▶ Task goal
Would you print the material exactly, starting at its first line and ending at the line holding "1 \<longrightarrow> \<Psi>"?

*** Opening Information provided ***

section \<open>The Bellman profile attached to \<open>\<Psi>\<close>\<close>

lemma exists_dyadic_scale:
  fixes x :: real
  assumes "0 < x" "x \<le> 1"
  obtains k where "x \<le> (1/2)^k" "(1/2)^k < 2*x"
proof -
  obtain n where n: "(1/2::real)^n < x" using real_arch_pow_inv[OF assms(1), of "1/2"] by auto
  define n0 where "n0 = (LEAST n. (1/2::real)^n < x)"
  have n0: "(1/2::real)^n0 < x" unfolding n0_def by (rule LeastI[of _ n], rule n)
  then obtain k where k: "n0 = Suc k" using assms(2) by (cases n0) auto
  have "\<not> (1/2::real)^k < x" using not_less_Least[of k "\<lambda>n. (1/2::real)^n < x"] k n0_def by auto
  thus ?thesis using that[of k] n0 k by simp
qed

lemma suminf_indicator_disjoint_family:
  fixes f :: "nat \<Rightarrow> ennreal"
  assumes "disjoint_family P" "x \<in> P k"
  shows "(\<Sum>n. f n * indicator (P n) x) = f k"
proof -
  have "(\<lambda>n. f n * indicator (P n) x) = (\<lambda>n. if n = k then f k else 0)"
    using assms by (fastforce simp: indicator_def disjoint_family_on_def)
  moreover have "(\<lambda>n. if n = k then f k else 0) sums f k"
    using sums_single[of k "\<lambda>_. f k"] by simp
  ultimately show ?thesis by (simp add: sums_iff)
qed

locale admissible_Psi =
  fixes \<Psi> :: "real \<Rightarrow> real"
  assumes pos: "\<forall>s. 0 < s \<and> s \<le> 1 \<longrightarrow> 0 < \<Psi> s"
    and decr: "\<forall>s t. 0 < s \<and> s \<le> t \<and> t \<le> 1 \<longrightarrow> \<Psi> t \<le> \<Psi> s"
    and incr: "\<forall>s t. 0 < s \<and> s \<le> t \<and> t \<le> 1 \<longrightarrow> s * \<Psi> s \<le> t * \<Psi> t"
    and intfin: "(\<integral>\<^sup>+ s\<in>{0<..1}. ennreal (1 / (s * \<Psi> s)) \<partial>lborel) < \<infinity>"
begin

definition coeff :: "nat \<Rightarrow> real" where
  "coeff k = 1 / \<Psi> ((1/2)^k)"

abbreviation bellman_profile :: "real \<Rightarrow> real" where
  "bellman_profile \<equiv> dyadic_profile coeff"

text \<open>The integrand of \<open>nPsi\<close>, with the convention used there at \<open>s = 0\<close>.\<close>

definition sPsi :: "real \<Rightarrow> real" where
  "sPsi s = (if s = 0 then 0 else s * \<Psi> s)"

lemma coeff_nonneg: "0 \<le> coeff k"
  using pos power_le_one[of "1/2::real" k] by (simp add: coeff_def less_imp_le)

text \<open>Compare \<open>\<Sum>\<^sub>k coeff k\<close> with the integral of \<open>1/(s \<Psi>(s))\<close> over the pieces
  \<open>(2^-(k+1), 2^-k]\<close>, on each of which \<open>s \<Psi>(s) \<le> 2^-k \<Psi>(2^-k)\<close>.\<close>

lemma summable_coeff: "summable coeff"
proof -
  define P where "P k = {(1/2::real)^Suc k <.. (1/2)^k}" for k
  define v where "v k = 1 / ((1/2::real)^k * \<Psi> ((1/2)^k))" for k
  define g where "g s = (\<Sum>k. ennreal (v k) * indicator (P k) s)" for s
  have v_pos: "0 < v k" for k using pos power_le_one[of "1/2::real" k] by (simp add: v_def)
  have disj: "disjoint_family P"
    unfolding disjoint_family_on_def
  proof (intro ballI impI)
    fix k k' :: nat assume "k \<noteq> k'"
    hence "Suc k \<le> k' \<or> Suc k' \<le> k" by auto
    hence "(1/2::real)^k' \<le> (1/2)^Suc k \<or> (1/2::real)^k \<le> (1/2)^Suc k'"
      using power_decreasing[of "Suc k" k' "1/2::real"] power_decreasing[of "Suc k'" k "1/2::real"]
      by (auto simp del: power_Suc)
    thus "P k \<inter> P k' = {}" by (auto simp: P_def)
  qed
  have "(\<integral>\<^sup>+ s. g s \<partial>lborel) = (\<Sum>k. ennreal (v k) * emeasure lborel (P k))"
    unfolding g_def by (simp add: nn_integral_suminf nn_integral_cmult_indicator P_def)
  also have "\<dots> = (\<Sum>k. ennreal (coeff k / 2))"
  proof (rule suminf_cong)
    fix k
    have "emeasure lborel (P k) = ennreal ((1/2)^k / 2)" by (simp add: P_def)
    moreover have "v k * ((1/2)^k / 2) = coeff k / 2" by (simp add: v_def coeff_def)
    ultimately show "ennreal (v k) * emeasure lborel (P k) = ennreal (coeff k / 2)"
      using v_pos[of k] by (simp add: ennreal_mult'[symmetric])
  qed
  finally have g_integral: "(\<integral>\<^sup>+ s. g s \<partial>lborel) = (\<Sum>k. ennreal (coeff k / 2))" .
  have "g s \<le> ennreal (1 / (s * \<Psi> s)) * indicator {0<..1} s" for s
  proof (cases "\<exists>k. s \<in> P k")
    case True
    then obtain k where k: "s \<in> P k" by blast
    hence s: "0 < s" "s \<le> (1/2)^k" "s \<le> 1"
      by (auto simp: P_def intro: less_trans[rotated] order_trans[OF _ power_le_one])
    have "g s = ennreal (v k)"
      unfolding g_def by (rule suminf_indicator_disjoint_family[OF disj k])
    also have "\<dots> \<le> ennreal (1 / (s * \<Psi> s))"
    proof (rule ennreal_leI)
      have "0 < s * \<Psi> s" using pos s by simp
      moreover have "s * \<Psi> s \<le> (1/2)^k * \<Psi> ((1/2)^k)"
        using incr s power_le_one[of "1/2::real" k] by simp
      ultimately show "v k \<le> 1 / (s * \<Psi> s)" by (simp add: v_def frac_le)
    qed
    finally show ?thesis using s by simp
  qed (simp add: g_def)
  hence "(\<integral>\<^sup>+ s. g s \<partial>lborel) \<le> (\<integral>\<^sup>+ s\<in>{0<..1}. ennreal (1 / (s * \<Psi> s)) \<partial>lborel)"
    by (rule nn_integral_mono)
  hence "(\<integral>\<^sup>+ s. g s \<partial>lborel) < \<infinity>" using intfin by (rule le_less_trans)
  hence "summable (\<lambda>k. coeff k / 2)"
    unfolding g_integral by (intro summable_suminf_not_top) (auto simp: coeff_nonneg)
  thus ?thesis by simp
qed
(* Let $G$ be a connected graph with vertex set $\{v_1,\dots,v_n\}$ and let $G^+$ be obtained from $G$ by adding new vertices $v_1^+,\dots,v_n^+$ and edges $v_iv_i^+$ ($i=1,\dots,n$). Let $Q$ be a clique separator of $G^+$ and let $M$ be the $Q$-attachedness graph of $G^+$. Then $M$ has no full antipodal triangle and no induced copy of $W^{(0)}_{2k+1}$ for any $k\ge 1$ if and only if $M$ has no induced copy of $W^{(0)}_{2k+1}$ for any $k\ge 1$.
   Context: Graphs are finite and simple. A clique is an inclusion-maximal set of pairwise adjacent vertices. For a connected graph $X$, a clique $Q$ of $X$ is a clique separator if $X-Q$ has at least two connected components; if their vertex sets are $V_1,\dots,V_s$, put $\gamma_i=X[V_i\cup Q]$ and $\Gamma_Q=\{\gamma_1,\dots,\gamma_s\}$. A relevant clique of $\gamma\in\Gamma_Q$ is a clique $K$ of the graph $\gamma$ with $K\cap Q\neq\emptyset$ and $K\neq Q$. An element $\gamma$ is a neighboring subgraph of a vertex $v$ if $v$ belongs to some relevant clique of $\gamma$; a set $W\subseteq\Gamma_Q$ is neighboring if there is $v\in Q$ such that every member of $W$ is a neighboring subgraph of $v$. Relations on $\Gamma_Q$: attachedness $\gamma\bowtie\gamma'$ iff there are relevant cliques $K$ of $\gamma$ and $K'$ of $\gamma'$ with $K\cap K'\cap Q\neq\emptyset$; dominance $\gamma\le\gamma'$ iff $\gamma\bowtie\gamma'$ and, for each relevant clique $K'$ of $\gamma'$, either $K\cap Q\subseteq K'\cap Q$ for every relevant clique $K$ of $\gamma$, or $K\cap K'\cap Q=\emptyset$ for every relevant clique $K$ of $\gamma$; antipodality $\gamma\leftrightarrow\gamma'$ iff there are relevant cliques $K$ of $\gamma$ and $K'$ of $\gamma'$ with $K\cap K'\cap Q\neq\emptyset$ and $K\cap Q$, $K'\cap Q$ inclusion-wise incomparable. Dominance is a preorder; by standing convention, elements $\gamma,\gamma'$ with $\gamma\le\gamma'$ and $\gamma'\le\gamma$ are identified (attachedness, antipodality and being neighboring are compatible with this identification). The $Q$-attachedness graph $M$ has vertex set $\Gamma_Q$ and an edge $\gamma\gamma'$ for each pair of distinct attached elements; it is 2-edge-colored: the edge is antipodal if $\gamma\leftrightarrow\gamma'$ and a dominance edge otherwise (then $\gamma\le\gamma'$ or $\gamma'\le\gamma$). A triangle of $M$ is full if its vertex set is a neighboring set; a full antipodal triangle is a full triangle all of whose edges are antipodal. $W^{(0)}_{2k+1}$ ($k\ge1$) is the 2-edge-colored wheel with hub $c$ and rim vertices $x_1,\dots,x_{2k+1}$, rim edges $x_ix_{i+1}$ (indices mod $2k+1$) antipodal and all spokes $cx_i$ dominance edges. An induced copy of a 2-edge-colored graph $F$ in $M$ is an injective map from $V(F)$ to $V(M)$ such that two vertices are adjacent in $F$ iff their images are adjacent in $M$, with the same edge color. *)

theory Defs
  imports Main
begin

(* Every notion below only looks at E between vertices of the given vertex set,
   so "induced subgraph X[S]" is represented by the pair (S, E). *)

definition pw_adj :: "('v \<Rightarrow> 'v \<Rightarrow> bool) \<Rightarrow> 'v set \<Rightarrow> bool" where
  "pw_adj E K \<longleftrightarrow> (\<forall>x\<in>K. \<forall>y\<in>K. x \<noteq> y \<longrightarrow> E x y)"
lemma quasipoint_upward_closed:
  assumes B: "B \<in> quasipoints L (\<subseteq>) (\<inter>) Z"
    and "c \<in> B" "d \<in> L" "c \<subseteq> d" "d \<noteq> Z"
  shows "d \<in> B"
proof (rule quasipoint_insert[OF B])
  have pre: "is_quasipoint_pre L (\<subseteq>) (\<inter>) Z B" using quasipoint_pre[OF B] .
  have below: "\<exists>e\<in>B. e \<subseteq> p" if "p \<in> insert d B" for p
    using that assms(2,4) by blast
  show "is_quasipoint_pre L (\<subseteq>) (\<inter>) Z (insert d B)"
    unfolding is_quasipoint_pre_def
  proof (intro conjI ballI)
    show "insert d B \<subseteq> L" "insert d B \<noteq> {}" "Z \<notin> insert d B"
      using pre assms(3,5) unfolding is_quasipoint_pre_def by auto
    fix p q assume "p \<in> insert d B" "q \<in> insert d B"
    then obtain p' q' where "p' \<in> B" "p' \<subseteq> p" "q' \<in> B" "q' \<subseteq> q" using below by meson
    moreover obtain e where "e \<in> B" "e \<subseteq> p' \<inter> q'"
      using pre \<open>p' \<in> B\<close> \<open>q' \<in> B\<close> unfolding is_quasipoint_pre_def by blast
    ultimately have "e \<subseteq> p \<inter> q" by (meson Int_mono order_trans)
    then show "\<exists>e\<in>insert d B. e \<subseteq> p \<inter> q" using \<open>e \<in> B\<close> by blast
  qed
qed
lemma principal_quasipoint:
  assumes "r \<in> L" "\<not> r \<subseteq> Z"
    and atom: "\<And>d. d \<in> L \<Longrightarrow> d \<noteq> Z \<Longrightarrow> d \<subseteq> r \<Longrightarrow> r \<subseteq> d"
  shows "{c \<in> L. r \<subseteq> c} \<in> quasipoints L (\<subseteq>) (\<inter>) Z"
  unfolding quasipoints_def
proof (intro CollectI conjI allI impI)
  let ?P = "{c \<in> L. r \<subseteq> c}"
  show "is_quasipoint_pre L (\<subseteq>) (\<inter>) Z ?P"
    unfolding is_quasipoint_pre_def
  proof (intro conjI ballI)
    show "?P \<subseteq> L" "?P \<noteq> {}" "Z \<notin> ?P" using assms(1,2) by blast+
    fix a b assume "a \<in> ?P" "b \<in> ?P"
    then show "\<exists>c\<in>?P. c \<subseteq> a \<inter> b" using assms(1) by (intro bexI[of _ r]) auto
  qed
  fix B assume B: "is_quasipoint_pre L (\<subseteq>) (\<inter>) Z B \<and> ?P \<subseteq> B"
  have "r \<in> B" using B assms(1) by blast
  have "c \<in> ?P" if "c \<in> B" for c
  proof -
    obtain e where e: "e \<in> B" "e \<subseteq> c \<inter> r"
      using B \<open>r \<in> B\<close> \<open>c \<in> B\<close> unfolding is_quasipoint_pre_def by blast
    then have "e \<in> L" "e \<noteq> Z" using B unfolding is_quasipoint_pre_def by auto
    then have "r \<subseteq> e" using atom e(2) by blast
    moreover have "c \<in> L" using B \<open>c \<in> B\<close> unfolding is_quasipoint_pre_def by blast
    ultimately show ?thesis using e(2) by blast
  qed
  then show "B = ?P" using B by blast
qed

lemma quasipoint_exists_above:
  assumes B0: "is_quasipoint_pre L le meet Z B0"
  shows "\<exists>B\<in>quasipoints L le meet Z. B0 \<subseteq> B"
proof -
  define A where "A = {B. is_quasipoint_pre L le meet Z B \<and> B0 \<subseteq> B}"
  have "\<Union>C \<in> A" if "C \<noteq> {}" "subset.chain A C" for C
  proof -
    have CA: "C \<subseteq> A" and chain: "\<And>X Y. X \<in> C \<Longrightarrow> Y \<in> C \<Longrightarrow> X \<subseteq> Y \<or> Y \<subseteq> X"
      using that(2) by (auto simp: subset_chain_def)
    have pre: "is_quasipoint_pre L le meet Z X" if "X \<in> C" for X
      using CA that by (simp add: A_def subset_iff)
    have "B0 \<subseteq> \<Union>C" using CA that(1) by (auto simp: A_def)
    moreover have "\<Union>C \<noteq> {}" using \<open>B0 \<subseteq> \<Union>C\<close> B0 unfolding is_quasipoint_pre_def by blast
    moreover have "\<exists>c\<in>\<Union>C. le c (meet p q)" if "p \<in> X" "q \<in> Y" "X \<in> C" "Y \<in> C" for p q X Y
    proof (cases "X \<subseteq> Y")
      case True
      then show ?thesis using pre[OF that(4)] that unfolding is_quasipoint_pre_def by blast
    next
      case False
      then have "Y \<subseteq> X" using chain[OF that(3,4)] by blast
      then show ?thesis using pre[OF that(3)] that unfolding is_quasipoint_pre_def by blast
    qed
    moreover have "\<Union>C \<subseteq> L" "Z \<notin> \<Union>C" using pre unfolding is_quasipoint_pre_def by blast+
    ultimately show ?thesis unfolding A_def is_quasipoint_pre_def by blast
  qed
  moreover have "A \<noteq> {}" using B0 by (auto simp: A_def)
  ultimately obtain M where M: "M \<in> A" "\<forall>X\<in>A. M \<subseteq> X \<longrightarrow> X = M"
    using subset_Zorn_nonempty[of A] by blast
  then have "M \<in> quasipoints L le meet Z" unfolding quasipoints_def by (auto simp: A_def)
  then show ?thesis using M(1) by (auto simp: A_def)
qed

section \<open>The Stone spectrum of \<open>L(H)\<close>\<close>

abbreviation quasipoints_LH :: "'a::complex_inner set set set" where
  "quasipoints_LH \<equiv> quasipoints closed_subspaces (\<subseteq>) (\<inter>) {0}"

abbreviation Q_LH :: "'a::complex_inner set \<Rightarrow> 'a set set set" where
  "Q_LH a \<equiv> {B \<in> quasipoints_LH. a \<in> B}"

lemma quasipoint_LH_member:
  assumes "B \<in> quasipoints_LH" "c \<in> B"
  shows "c \<in> closed_subspaces" "c \<noteq> {0}"
  using quasipoint_pre[OF assms(1)] assms(2) unfolding is_quasipoint_pre_def by auto
lemma abs_ln_E_col_minus_L0_le_ln_power4:
  assumes t: "1 \<le> t" "real t \<le> C0 * ln (real n)" and "0 \<le> C0" "3 \<le> n" "k \<le> n" "n \<le> k * t"
  shows "\<bar>ln (E_col n k t) - L0 (real n) (real k) t\<bar> \<le> 5 * (C0 + 1) ^ 4 * ln (real n) ^ 4"
proof -
  let ?L = "ln (real n)" and ?V = "(C0 + 1) * ln (real n)"
  have "1 \<le> ?L" using \<open>3 \<le> n\<close> exp_le by (subst ln_ge_iff) auto
  have V: "?V = C0 * ?L + ?L" and "0 \<le> C0 * ?L"
    using \<open>0 \<le> C0\<close> \<open>1 \<le> ?L\<close> by (simp_all add: algebra_simps)
  then have "real t + 1 \<le> ?V" "1 + ln (real n + 1) \<le> 3 * ?V"
    using t ln_add_one_le_twice_ln[of "real n"] \<open>3 \<le> n\<close> \<open>1 \<le> ?L\<close> by simp_all
  then have "(real t + 1) ^ 2 * (1 + ln (real n + 1)) + 2 * real t ^ 4 \<le> 5 * ?V ^ 4"
    by (intro power2_mult_add_power4_le) simp_all
  then show ?thesis
    using abs_ln_E_col_minus_L0_le[OF t(1) \<open>k \<le> n\<close> \<open>n \<le> k * t\<close>] by (simp add: power_mult_distrib)
qed

theorem lemma30:
  fixes t :: "nat \<Rightarrow> nat"
  assumes tpos: "\<And>n. t n > 0"
    and tlog: "(\<lambda>n. real (t n)) \<in> O(\<lambda>n. ln (real n))"
  shows "\<exists>C N. \<forall>n\<ge>N. \<forall>k::nat. k > 0 \<and> 1 < real n / real k \<and> real n / real k < real (t n)
           \<longrightarrow> \<bar>ln (E_col n k (t n)) - L0 (real n) (real k) (t n)\<bar> \<le> C * (ln (real n)) ^ 4"
proof -
  obtain C0 where "C0 > 0" and "eventually (\<lambda>n. norm (real (t n)) \<le> C0 * norm (ln (real n))) at_top"
    using tlog by (elim landau_o.bigE)
  then obtain N0 where N0: "\<And>n. n \<ge> N0 \<Longrightarrow> real (t n) \<le> C0 * \<bar>ln (real n)\<bar>"
    by (auto simp: eventually_at_top_linorder)
  have "\<bar>ln (E_col n k (t n)) - L0 (real n) (real k) (t n)\<bar> \<le> 5 * (C0 + 1) ^ 4 * ln (real n) ^ 4"
    if n: "n \<ge> max N0 3" and k: "k > 0 \<and> 1 < real n / real k \<and> real n / real k < real (t n)" for n k
  proof -
    have "real k < real n" "real n < real (k * t n)" using k by (auto simp: field_simps)
    then have "k \<le> n" "n \<le> k * t n" by (simp_all only: of_nat_less_iff less_imp_le)
    moreover have "real (t n) \<le> C0 * ln (real n)" using N0[of n] n by simp
    ultimately show ?thesis
      using tpos[of n] n \<open>C0 > 0\<close> by (intro abs_ln_E_col_minus_L0_le_ln_power4) auto
  qed
  then show ?thesis by blast
qed
(* Let $d>k\geq1$ be integers, let $\beta>0$ and $\lambda_k>2\sqrt{\beta}$, and let $A:=\mathrm{diag}(\lambda_k,\dots,\lambda_k,2\sqrt\beta,\dots,2\sqrt\beta)\in\mathbb{R}^{d\times d}$, with $\lambda_k$ repeated $k$ times and $2\sqrt\beta$ repeated $d-k$ times. Let $U_k\in\mathbb{R}^{d\times k}$ be the matrix of the first $k$ standard basis vectors and $U_{-k}\in\mathbb{R}^{d\times(d-k)}$ that of the last $d-k$ standard basis vectors. Let $\varepsilon\in(0,1)$. Then there exist $X_0\in\mathrm{St}(d,k)$ with $\cos\theta_k(U_k,X_0)>0$ and perturbations $(\Xi_t)_{t\geq0}\subset\mathbb{R}^{d\times k}$ satisfying, for all $t\geq0$, $U_k^\top\Xi_t=0$ and $\|U_{-k}^\top\Xi_t\|_2\leq 8(\lambda_k-2\sqrt\beta)\varepsilon$, such that the ANPM iterates $(X_t)_{t\geq0}$ on $A$ with momentum $\beta$ and these perturbations satisfy $\tan\theta_k(U_k,X_t)>\varepsilon$ for all $t\geq0$.
   Context: $\mathrm{St}(d,k):=\{X\in\mathbb{R}^{d\times k}:X^\top X=I_k\}$. For $Y\in\mathbb{R}^{d\times k}$, $\mathrm{QR}(Y)$ is the pair $(X,R)$ with $Y=XR$, $X\in\mathrm{St}(d,k)$, $R$ upper triangular $k\times k$ with nonnegative diagonal (unique, $R$ invertible, when $Y$ has full column rank). For $U,X\in\mathrm{St}(d,k)$, $\theta_k(U,X):=\arccos\sigma_{\min}(U^\top X)\in[0,\pi/2]$. ANPM with momentum $\beta$ and perturbations $(\Xi_t)$: given $X_0\in\mathrm{St}(d,k)$, $(X_1,R_1)=\mathrm{QR}(\tfrac12 AX_0+\Xi_0)$, and for $t\geq1$, $Y_{t+1}=AX_t-\beta X_{t-1}R_t^{-1}+\Xi_t$, $(X_{t+1},R_{t+1})=\mathrm{QR}(Y_{t+1})$. *)

theory Defs
  imports Complex_Main "Jordan_Normal_Form.Matrix"
begin

definition vnorm :: "real vec \<Rightarrow> real" where
  "vnorm v = sqrt (v \<bullet> v)"

definition opnorm2 :: "real mat \<Rightarrow> real" where
  "opnorm2 M = Sup {vnorm (M *\<^sub>v v) | v. v \<in> carrier_vec (dim_col M) \<and> vnorm v = 1}"

definition sigma_min :: "real mat \<Rightarrow> real" where
  "sigma_min M = Inf {vnorm (M *\<^sub>v v) | v. v \<in> carrier_vec (dim_col M) \<and> vnorm v = 1}"

definition stiefel :: "nat \<Rightarrow> nat \<Rightarrow> real mat set" where
  "stiefel d k = {X. X \<in> carrier_mat d k \<and> transpose_mat X * X = 1\<^sub>m k}"

definition theta :: "real mat \<Rightarrow> real mat \<Rightarrow> real" where
  "theta U X = arccos (sigma_min (transpose_mat U * X))"

definition full_col_rank :: "real mat \<Rightarrow> bool" where
  "full_col_rank Y \<longleftrightarrow> (\<forall>v \<in> carrier_vec (dim_col Y). Y *\<^sub>v v = 0\<^sub>v (dim_row Y) \<longrightarrow> v = 0\<^sub>v (dim_col Y))"

definition is_qr :: "real mat \<Rightarrow> real mat \<Rightarrow> real mat \<Rightarrow> bool" where
  "is_qr Y X R \<longleftrightarrow> X \<in> stiefel (dim_row Y) (dim_col Y) \<and> R \<in> carrier_mat (dim_col Y) (dim_col Y)
     \<and> (\<forall>i j. j < i \<and> i < dim_col Y \<longrightarrow> R $$ (i,j) = 0)
     \<and> (\<forall>i < dim_col Y. R $$ (i,i) \<ge> 0) \<and> Y = X * R"

definition QR :: "real mat \<Rightarrow> real mat \<times> real mat" where
  "QR Y = (THE p. is_qr Y (fst p) (snd p))"

definition minv :: "real mat \<Rightarrow> real mat" where
  "minv R = (THE S. S \<in> carrier_mat (dim_row R) (dim_row R) \<and> R * S = 1\<^sub>m (dim_row R) \<and> S * R = 1\<^sub>m (dim_row R))"

(* anpm_aux A beta X0 Xi t = ((X_t, R_t), (X_{t+1}, R_{t+1})); R_0 is unused *)
primrec anpm_aux :: "real mat \<Rightarrow> real \<Rightarrow> real mat \<Rightarrow> (nat \<Rightarrow> real mat) \<Rightarrow> nat
    \<Rightarrow> (real mat \<times> real mat) \<times> (real mat \<times> real mat)" where
  "anpm_aux A \<beta> X0 \<Xi> 0 = ((X0, undefined), QR ((1/2) \<cdot>\<^sub>m (A * X0) + \<Xi> 0))"
| "anpm_aux A \<beta> X0 \<Xi> (Suc t) =
     (let Xp = fst (fst (anpm_aux A \<beta> X0 \<Xi> t)); Xc = fst (snd (anpm_aux A \<beta> X0 \<Xi> t));
          Rc = snd (snd (anpm_aux A \<beta> X0 \<Xi> t))
      in ((Xc, Rc), QR (A * Xc - \<beta> \<cdot>\<^sub>m (Xp * minv Rc) + \<Xi> (Suc t))))"

definition anpm_X :: "real mat \<Rightarrow> real \<Rightarrow> real mat \<Rightarrow> (nat \<Rightarrow> real mat) \<Rightarrow> nat \<Rightarrow> real mat" where
  "anpm_X A \<beta> X0 \<Xi> t = fst (fst (anpm_aux A \<beta> X0 \<Xi> t))"

(* pre-orthonormalisation matrix Y_{t+1} (so anpm_Y ... 0 = Y_1) *)
definition anpm_Y :: "real mat \<Rightarrow> real \<Rightarrow> real mat \<Rightarrow> (nat \<Rightarrow> real mat) \<Rightarrow> nat \<Rightarrow> real mat" where
  "anpm_Y A \<beta> X0 \<Xi> t = (if t = 0 then (1/2) \<cdot>\<^sub>m (A * X0) + \<Xi> 0
     else (let p = anpm_aux A \<beta> X0 \<Xi> (t - 1) in
           A * fst (snd p) - \<beta> \<cdot>\<^sub>m (fst (fst p) * minv (snd (snd p))) + \<Xi> t))"

definition diagA :: "nat \<Rightarrow> nat \<Rightarrow> real \<Rightarrow> real \<Rightarrow> real mat" where
  "diagA d k lam \<beta> = mat d d (\<lambda>(i,j). if i = j then (if i < k then lam else 2 * sqrt \<beta>) else 0)"

definition Utop :: "nat \<Rightarrow> nat \<Rightarrow> real mat" where
  "Utop d k = mat d k (\<lambda>(i,j). if i = j then 1 else 0)"

definition Ubot :: "nat \<Rightarrow> nat \<Rightarrow> real mat" where
  "Ubot d k = mat d (d - k) (\<lambda>(i,j). if i = j + k then 1 else 0)"

end

theory Submission
  imports Defs
begin

text \<open>
  The witness is a fixed point of ANPM. Tilt the first column of \<open>U\<^sub>k\<close> by the angle
  \<open>\<phi> = arctan (2 \<epsilon>)\<close> towards \<open>e\<^sub>k\<^sub>+\<^sub>1\<close>. On that direction \<open>A\<close> acts by \<open>2 sqrt \<beta>\<close> instead
  of \<open>\<lambda>\<^sub>k\<close>, and a perturbation of size \<open>(\<lambda>\<^sub>k - 2 sqrt \<beta>) sin \<phi>\<close> in the
  \<open>(k+1, 1)\<close> entry makes up the difference, so that \<open>A X\<^sub>0 + \<Xi> = \<lambda>\<^sub>k X\<^sub>0\<close>.
  Hence every \<open>Y\<^sub>t\<^sub>+\<^sub>1\<close> is the multiple \<open>r\<^sub>t X\<^sub>0\<close> with \<open>r\<^sub>t\<^sub>+\<^sub>1 = \<lambda>\<^sub>k - \<beta> / r\<^sub>t\<close>,
  which stays above \<open>sqrt \<beta>\<close>; QR returns \<open>X\<^sub>0\<close> every time and \<open>tan \<theta>\<^sub>k = 2 \<epsilon>\<close> forever.
\<close>

lemma smult_smult_mat: "a \<cdot>\<^sub>m (b \<cdot>\<^sub>m A) = (a * b) \<cdot>\<^sub>m (A :: 'a :: semigroup_mult mat)"
  by (rule eq_matI) (auto simp: mult.assoc)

*** Closing Information provided ***

▶ Result for this exercise
section \<open>The Bellman profile attached to \<open>\<Psi>\<close>\<close>

lemma exists_dyadic_scale:
  fixes x :: real
  assumes "0 < x" "x \<le> 1"
  obtains k where "x \<le> (1/2)^k" "(1/2)^k < 2*x"
proof -
  obtain n where n: "(1/2::real)^n < x" using real_arch_pow_inv[OF assms(1), of "1/2"] by auto
  define n0 where "n0 = (LEAST n. (1/2::real)^n < x)"
  have n0: "(1/2::real)^n0 < x" unfolding n0_def by (rule LeastI[of _ n], rule n)
  then obtain k where k: "n0 = Suc k" using assms(2) by (cases n0) auto
  have "\<not> (1/2::real)^k < x" using not_less_Least[of k "\<lambda>n. (1/2::real)^n < x"] k n0_def by auto
  thus ?thesis using that[of k] n0 k by simp
qed

lemma suminf_indicator_disjoint_family:
  fixes f :: "nat \<Rightarrow> ennreal"
  assumes "disjoint_family P" "x \<in> P k"
  shows "(\<Sum>n. f n * indicator (P n) x) = f k"
proof -
  have "(\<lambda>n. f n * indicator (P n) x) = (\<lambda>n. if n = k then f k else 0)"
    using assms by (fastforce simp: indicator_def disjoint_family_on_def)
  moreover have "(\<lambda>n. if n = k then f k else 0) sums f k"
    using sums_single[of k "\<lambda>_. f k"] by simp
  ultimately show ?thesis by (simp add: sums_iff)
qed

locale admissible_Psi =
  fixes \<Psi> :: "real \<Rightarrow> real"
  assumes pos: "\<forall>s. 0 < s \<and> s \<le> 1 \<longrightarrow> 0 < \<Psi> s"
    and decr: "\<forall>s t. 0 < s \<and> s \<le> t \<and> t \<le> 1 \<longrightarrow> \<Psi> t \<le> \<Psi> s"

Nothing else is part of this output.